PROBLEM >> Find every line in the records below that holds the word "lower", and copy it out.

EXERCISE DATA >>
lemma transfer_time_tendsto_0: "(transfer_time \<longlongrightarrow> 0) at_bot"
proof (rule tendsto_sandwich[where f="\<lambda>_. 0" and h="\<lambda>a. (xA - xB) / - a"])
  show "eventually (\<lambda>a. 0 \<le> transfer_time a) at_bot"
    using transfer_time_pos escape_speed_pos
    by (intro eventually_at_bot_linorderI[of 0]) (auto intro: less_imp_le)
  show "eventually (\<lambda>a. transfer_time a \<le> (xA - xB) / - a) at_bot"
    using transfer_time_le by (intro eventually_at_bot_linorderI[of "-1"]) auto
  have "filterlim (\<lambda>a::real. - a) at_infinity at_bot"
    by (rule filterlim_at_top_imp_at_infinity[OF filterlim_uminus_at_top_at_bot])
  then show "((\<lambda>a. (xA - xB) / - a) \<longlongrightarrow> 0) at_bot"
    by (rule tendsto_divide_0[OF tendsto_const])
qed simp

lemma filterlim_transfer_time: "filterlim transfer_time at_top (at_left escape_speed)"
proof -
  let ?vE = escape_speed
  let ?lower = "\<lambda>a. (1 / ?vE) * (- xA + inverse ((?vE\<^sup>2 - a\<^sup>2) / 2))"
  have near: "eventually (\<lambda>a. 0 < a \<and> a < ?vE) (at_left ?vE)"
    using escape_speed_pos by (intro eventually_at_leftI[of 0]) auto
  have "filterlim (\<lambda>a. inverse ((?vE\<^sup>2 - a\<^sup>2) / 2)) at_top (at_left ?vE)"
  proof (rule filterlim_inverse_at_top)
    show "((\<lambda>a. (?vE\<^sup>2 - a\<^sup>2) / 2) \<longlongrightarrow> 0) (at_left ?vE)"
      by (auto intro!: tendsto_eq_intros)
    show "eventually (\<lambda>a. 0 < (?vE\<^sup>2 - a\<^sup>2) / 2) (at_left ?vE)"
      using near by eventually_elim (simp add: power_strict_mono)
  qed
  then have "filterlim ?lower at_top (at_left ?vE)"
    using escape_speed_pos
    by (intro filterlim_tendsto_pos_mult_at_top[OF tendsto_const] filterlim_tendsto_add_at_top[OF tendsto_const])
      simp_all
  moreover have "eventually (\<lambda>a. ?lower a \<le> transfer_time a) (at_left ?vE)"
    using near
  proof eventually_elim
    case (elim a)
    have "0 < ?vE\<^sup>2 - a\<^sup>2" using elim by (simp add: power_strict_mono)
    moreover have "2 / ?vE\<^sup>2 = xA" using xA_pos by (simp add: escape_speed_def)
    moreover have "2 / ?vE\<^sup>2 \<le> 2 / (?vE\<^sup>2 - a\<^sup>2)"
      using \<open>0 < ?vE\<^sup>2 - a\<^sup>2\<close> escape_speed_pos by (intro divide_left_mono) auto
    ultimately have "xA \<le> 2 / (?vE\<^sup>2 - a\<^sup>2)" by simp
    have "?lower a = (2 / (?vE\<^sup>2 - a\<^sup>2) - xA) / ?vE"
      using \<open>0 < ?vE\<^sup>2 - a\<^sup>2\<close> escape_speed_pos by (simp add: field_simps)
    also have "\<dots> \<le> (2 / (?vE\<^sup>2 - a\<^sup>2) - xA) / a"
      using \<open>xA \<le> 2 / (?vE\<^sup>2 - a\<^sup>2)\<close> elim by (intro divide_left_mono) auto
    also have "\<dots> \<le> transfer_time a" using transfer_time_ge elim by blast
    finally show ?case .
  qed
  ultimately show ?thesis by (rule filterlim_at_top_mono)
qed

lemma T_DR_tendsto_0: "(T_DR xA xB \<longlongrightarrow> 0) at_bot"
proof -
  have "eventually (\<lambda>a. transfer_time a = T_DR xA xB a) at_bot"
    using T_DR_eq_transfer_time escape_speed_pos by (intro eventually_at_bot_linorderI[of 0]) auto
  then show ?thesis using transfer_time_tendsto_0 tendsto_cong by blast
qed

lemma filterlim_T_DR: "filterlim (T_DR xA xB) at_top (at_left escape_speed)"
proof -
  have "eventually (\<lambda>a. transfer_time a = T_DR xA xB a) (at_left escape_speed)"
    using T_DR_eq_transfer_time escape_speed_pos
    by (intro eventually_at_leftI[of 0]) auto
  then show ?thesis using filterlim_transfer_time filterlim_cong by blast
qed

end

theorem proposition2:
  fixes xA xB vE :: real and e :: "'a::euclidean_space"
  assumes "0 < xB" and "xB < xA"
    and "vE = sqrt (2 / xA)"
    and "norm e = 1"
  shows
    "(\<forall>vA<vE. 0 < T_DR xA xB vA \<and>
        (\<exists>x v. line_sol x v 0 (T_DR xA xB vA) \<and> x 0 = xA \<and> v 0 = vA
               \<and> x (T_DR xA xB vA) = xB))
   \<and> (\<forall>(q :: real \<Rightarrow> 'a) p tA tB.
        (tA < tB \<and> kepler_sol q p tA tB \<and> q tA = xA *\<^sub>R e \<and> q tB = xB *\<^sub>R e
           \<and> direct_arc q tA tB)
        \<longleftrightarrow>
        (\<exists>vA<vE. tB - tA = T_DR xA xB vA \<and>
           (\<exists>x v. line_sol x v tA tB \<and> x tA = xA \<and> v tA = vA \<and>
                 (\<forall>t\<in>{tA..tB}. q t = x t *\<^sub>R e \<and> p t = v t *\<^sub>R e))))
   \<and> strict_mono_on {..<vE} (T_DR xA xB)
   \<and> (\<forall>vA<vE. \<exists>D>0. (T_DR xA xB has_real_derivative D) (at vA))
   \<and> (T_DR xA xB \<longlongrightarrow> 0) at_bot
   \<and> filterlim (T_DR xA xB) at_top (at_left vE)"
proof -
  interpret direct_transfer xA xB
    using assms(1,2) by unfold_locales simp_all
  have vE: "vE = escape_speed" using assms(3) by (simp add: escape_speed_def)
  have "0 < T_DR xA xB vA \<and> (\<exists>x v. line_sol x v 0 (T_DR xA xB vA) \<and> x 0 = xA \<and> v 0 = vA
      \<and> x (T_DR xA xB vA) = xB)" if "vA < escape_speed" for vA
    using T_DR_eq_transfer_time[OF that] transfer_time_pos[OF that] line_sol_traj[OF that]
      traj_at_0 traj_transfer_time(1)[OF that] by auto
  then show ?thesis
    unfolding vE using direct_arc_iff[OF assms(4)] strict_mono_on_T_DR T_DR_has_positive_derivative
      T_DR_tendsto_0 filterlim_T_DR by blast
qed

end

WRITTEN SOLUTION >>
  let ?lower = "\<lambda>a. (1 / ?vE) * (- xA + inverse ((?vE\<^sup>2 - a\<^sup>2) / 2))"
  then have "filterlim ?lower at_top (at_left ?vE)"
  moreover have "eventually (\<lambda>a. ?lower a \<le> transfer_time a) (at_left ?vE)"
    have "?lower a = (2 / (?vE\<^sup>2 - a\<^sup>2) - xA) / ?vE"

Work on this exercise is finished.